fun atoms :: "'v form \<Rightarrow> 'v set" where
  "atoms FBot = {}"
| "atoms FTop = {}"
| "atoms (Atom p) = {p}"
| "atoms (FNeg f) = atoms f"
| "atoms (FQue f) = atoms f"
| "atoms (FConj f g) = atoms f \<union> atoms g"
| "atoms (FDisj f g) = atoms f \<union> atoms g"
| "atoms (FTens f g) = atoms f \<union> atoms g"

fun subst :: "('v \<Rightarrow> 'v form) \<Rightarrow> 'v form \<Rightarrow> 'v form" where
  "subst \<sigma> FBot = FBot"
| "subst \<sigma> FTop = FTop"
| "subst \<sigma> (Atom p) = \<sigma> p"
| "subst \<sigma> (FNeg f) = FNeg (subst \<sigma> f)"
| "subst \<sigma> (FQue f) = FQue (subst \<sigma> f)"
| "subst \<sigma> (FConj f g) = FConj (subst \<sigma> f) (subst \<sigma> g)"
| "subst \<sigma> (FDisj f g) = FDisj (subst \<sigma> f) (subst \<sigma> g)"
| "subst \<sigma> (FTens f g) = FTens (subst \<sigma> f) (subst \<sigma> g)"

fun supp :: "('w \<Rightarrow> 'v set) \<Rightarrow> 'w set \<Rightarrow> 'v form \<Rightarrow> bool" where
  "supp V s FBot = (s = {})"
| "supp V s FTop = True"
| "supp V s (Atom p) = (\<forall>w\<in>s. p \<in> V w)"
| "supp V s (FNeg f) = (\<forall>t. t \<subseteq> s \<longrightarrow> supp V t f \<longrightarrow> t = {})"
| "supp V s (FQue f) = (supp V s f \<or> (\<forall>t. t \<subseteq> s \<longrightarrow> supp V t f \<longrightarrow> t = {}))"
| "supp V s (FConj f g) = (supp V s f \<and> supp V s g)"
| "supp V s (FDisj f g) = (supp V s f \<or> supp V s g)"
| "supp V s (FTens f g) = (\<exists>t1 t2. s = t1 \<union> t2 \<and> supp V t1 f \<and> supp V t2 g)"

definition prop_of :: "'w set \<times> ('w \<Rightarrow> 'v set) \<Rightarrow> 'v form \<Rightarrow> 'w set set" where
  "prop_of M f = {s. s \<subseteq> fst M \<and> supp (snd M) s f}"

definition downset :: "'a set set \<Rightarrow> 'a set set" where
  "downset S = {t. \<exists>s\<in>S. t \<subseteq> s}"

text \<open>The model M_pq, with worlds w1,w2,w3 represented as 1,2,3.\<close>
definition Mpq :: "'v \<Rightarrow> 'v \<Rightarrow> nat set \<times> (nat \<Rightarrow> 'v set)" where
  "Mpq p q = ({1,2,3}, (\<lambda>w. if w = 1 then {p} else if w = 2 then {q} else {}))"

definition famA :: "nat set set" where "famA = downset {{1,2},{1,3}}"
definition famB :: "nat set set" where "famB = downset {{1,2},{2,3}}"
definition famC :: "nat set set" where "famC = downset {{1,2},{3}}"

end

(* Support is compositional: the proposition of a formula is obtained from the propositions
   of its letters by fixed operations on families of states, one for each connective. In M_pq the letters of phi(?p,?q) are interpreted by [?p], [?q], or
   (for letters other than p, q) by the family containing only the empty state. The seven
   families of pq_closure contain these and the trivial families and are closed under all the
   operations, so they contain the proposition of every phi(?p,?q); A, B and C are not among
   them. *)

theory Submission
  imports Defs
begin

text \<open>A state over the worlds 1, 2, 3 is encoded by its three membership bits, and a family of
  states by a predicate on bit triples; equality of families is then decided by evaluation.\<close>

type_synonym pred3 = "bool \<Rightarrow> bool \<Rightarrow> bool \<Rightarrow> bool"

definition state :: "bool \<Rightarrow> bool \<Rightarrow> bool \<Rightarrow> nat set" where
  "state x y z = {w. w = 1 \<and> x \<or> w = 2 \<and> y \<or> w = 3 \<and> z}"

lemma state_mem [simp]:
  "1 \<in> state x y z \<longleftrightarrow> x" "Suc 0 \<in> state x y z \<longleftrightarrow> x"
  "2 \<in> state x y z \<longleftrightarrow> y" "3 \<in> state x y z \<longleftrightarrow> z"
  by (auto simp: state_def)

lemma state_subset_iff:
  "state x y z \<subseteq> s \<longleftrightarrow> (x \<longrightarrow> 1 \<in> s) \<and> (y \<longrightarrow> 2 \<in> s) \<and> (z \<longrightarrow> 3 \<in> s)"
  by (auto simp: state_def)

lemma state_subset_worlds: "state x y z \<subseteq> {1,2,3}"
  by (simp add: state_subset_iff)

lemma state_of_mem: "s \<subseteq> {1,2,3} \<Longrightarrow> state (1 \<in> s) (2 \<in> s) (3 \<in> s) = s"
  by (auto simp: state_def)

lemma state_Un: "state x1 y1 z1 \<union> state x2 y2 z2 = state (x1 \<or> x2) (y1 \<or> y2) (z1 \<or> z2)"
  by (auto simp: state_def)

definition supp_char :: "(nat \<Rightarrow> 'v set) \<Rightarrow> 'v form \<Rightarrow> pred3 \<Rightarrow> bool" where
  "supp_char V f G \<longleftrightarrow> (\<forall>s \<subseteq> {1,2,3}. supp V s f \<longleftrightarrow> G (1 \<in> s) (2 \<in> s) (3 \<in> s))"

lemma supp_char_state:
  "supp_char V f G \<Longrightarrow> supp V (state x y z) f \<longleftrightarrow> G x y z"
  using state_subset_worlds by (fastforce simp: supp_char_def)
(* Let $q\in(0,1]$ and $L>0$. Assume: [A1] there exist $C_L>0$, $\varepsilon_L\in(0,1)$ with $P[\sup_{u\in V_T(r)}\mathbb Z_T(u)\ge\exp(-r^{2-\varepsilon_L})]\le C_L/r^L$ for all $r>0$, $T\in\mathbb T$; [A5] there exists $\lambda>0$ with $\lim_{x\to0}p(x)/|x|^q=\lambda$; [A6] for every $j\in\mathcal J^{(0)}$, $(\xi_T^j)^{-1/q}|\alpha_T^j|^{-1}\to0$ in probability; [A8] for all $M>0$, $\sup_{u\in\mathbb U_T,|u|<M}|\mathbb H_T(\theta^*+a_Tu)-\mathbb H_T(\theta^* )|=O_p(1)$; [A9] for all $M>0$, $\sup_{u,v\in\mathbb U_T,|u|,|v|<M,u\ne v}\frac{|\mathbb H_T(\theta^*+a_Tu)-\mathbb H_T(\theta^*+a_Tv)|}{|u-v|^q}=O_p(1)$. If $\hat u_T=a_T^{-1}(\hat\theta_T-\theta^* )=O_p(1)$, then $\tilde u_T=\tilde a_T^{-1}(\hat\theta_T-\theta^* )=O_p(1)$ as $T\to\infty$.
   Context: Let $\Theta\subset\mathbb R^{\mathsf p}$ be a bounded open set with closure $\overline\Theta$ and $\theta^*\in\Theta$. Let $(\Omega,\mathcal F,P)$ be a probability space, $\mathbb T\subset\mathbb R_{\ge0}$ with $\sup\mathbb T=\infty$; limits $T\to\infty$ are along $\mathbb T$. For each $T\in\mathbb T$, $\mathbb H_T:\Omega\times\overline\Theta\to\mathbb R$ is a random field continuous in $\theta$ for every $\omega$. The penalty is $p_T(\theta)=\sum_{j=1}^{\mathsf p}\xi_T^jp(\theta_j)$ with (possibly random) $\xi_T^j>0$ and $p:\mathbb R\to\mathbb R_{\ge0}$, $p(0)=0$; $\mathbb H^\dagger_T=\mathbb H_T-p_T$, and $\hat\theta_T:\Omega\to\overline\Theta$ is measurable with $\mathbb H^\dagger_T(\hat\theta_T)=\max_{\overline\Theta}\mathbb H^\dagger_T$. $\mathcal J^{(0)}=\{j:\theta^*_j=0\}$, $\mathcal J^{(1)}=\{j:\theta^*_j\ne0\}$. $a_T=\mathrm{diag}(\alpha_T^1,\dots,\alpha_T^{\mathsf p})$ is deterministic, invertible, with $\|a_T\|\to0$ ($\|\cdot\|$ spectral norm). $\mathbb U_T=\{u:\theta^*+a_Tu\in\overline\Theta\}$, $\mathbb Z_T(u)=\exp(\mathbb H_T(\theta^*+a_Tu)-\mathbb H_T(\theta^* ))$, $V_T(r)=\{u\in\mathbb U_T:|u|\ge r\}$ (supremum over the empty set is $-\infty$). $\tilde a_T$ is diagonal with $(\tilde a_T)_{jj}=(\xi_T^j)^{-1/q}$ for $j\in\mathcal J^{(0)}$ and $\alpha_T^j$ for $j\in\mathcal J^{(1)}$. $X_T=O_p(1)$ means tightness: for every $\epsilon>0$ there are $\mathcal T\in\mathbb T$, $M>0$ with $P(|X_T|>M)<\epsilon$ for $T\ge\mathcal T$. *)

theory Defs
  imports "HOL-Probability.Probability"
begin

○ ○ ○

- _PROBLEM DETAILS_: Which lines hold the string "sigma"? Copy all of them from the data above.

- _TASK RESPONSE_:
  "subst \<sigma> FBot = FBot"
| "subst \<sigma> FTop = FTop"
| "subst \<sigma> (Atom p) = \<sigma> p"
| "subst \<sigma> (FNeg f) = FNeg (subst \<sigma> f)"
| "subst \<sigma> (FQue f) = FQue (subst \<sigma> f)"
| "subst \<sigma> (FConj f g) = FConj (subst \<sigma> f) (subst \<sigma> g)"
| "subst \<sigma> (FDisj f g) = FDisj (subst \<sigma> f) (subst \<sigma> g)"
| "subst \<sigma> (FTens f g) = FTens (subst \<sigma> f) (subst \<sigma> g)"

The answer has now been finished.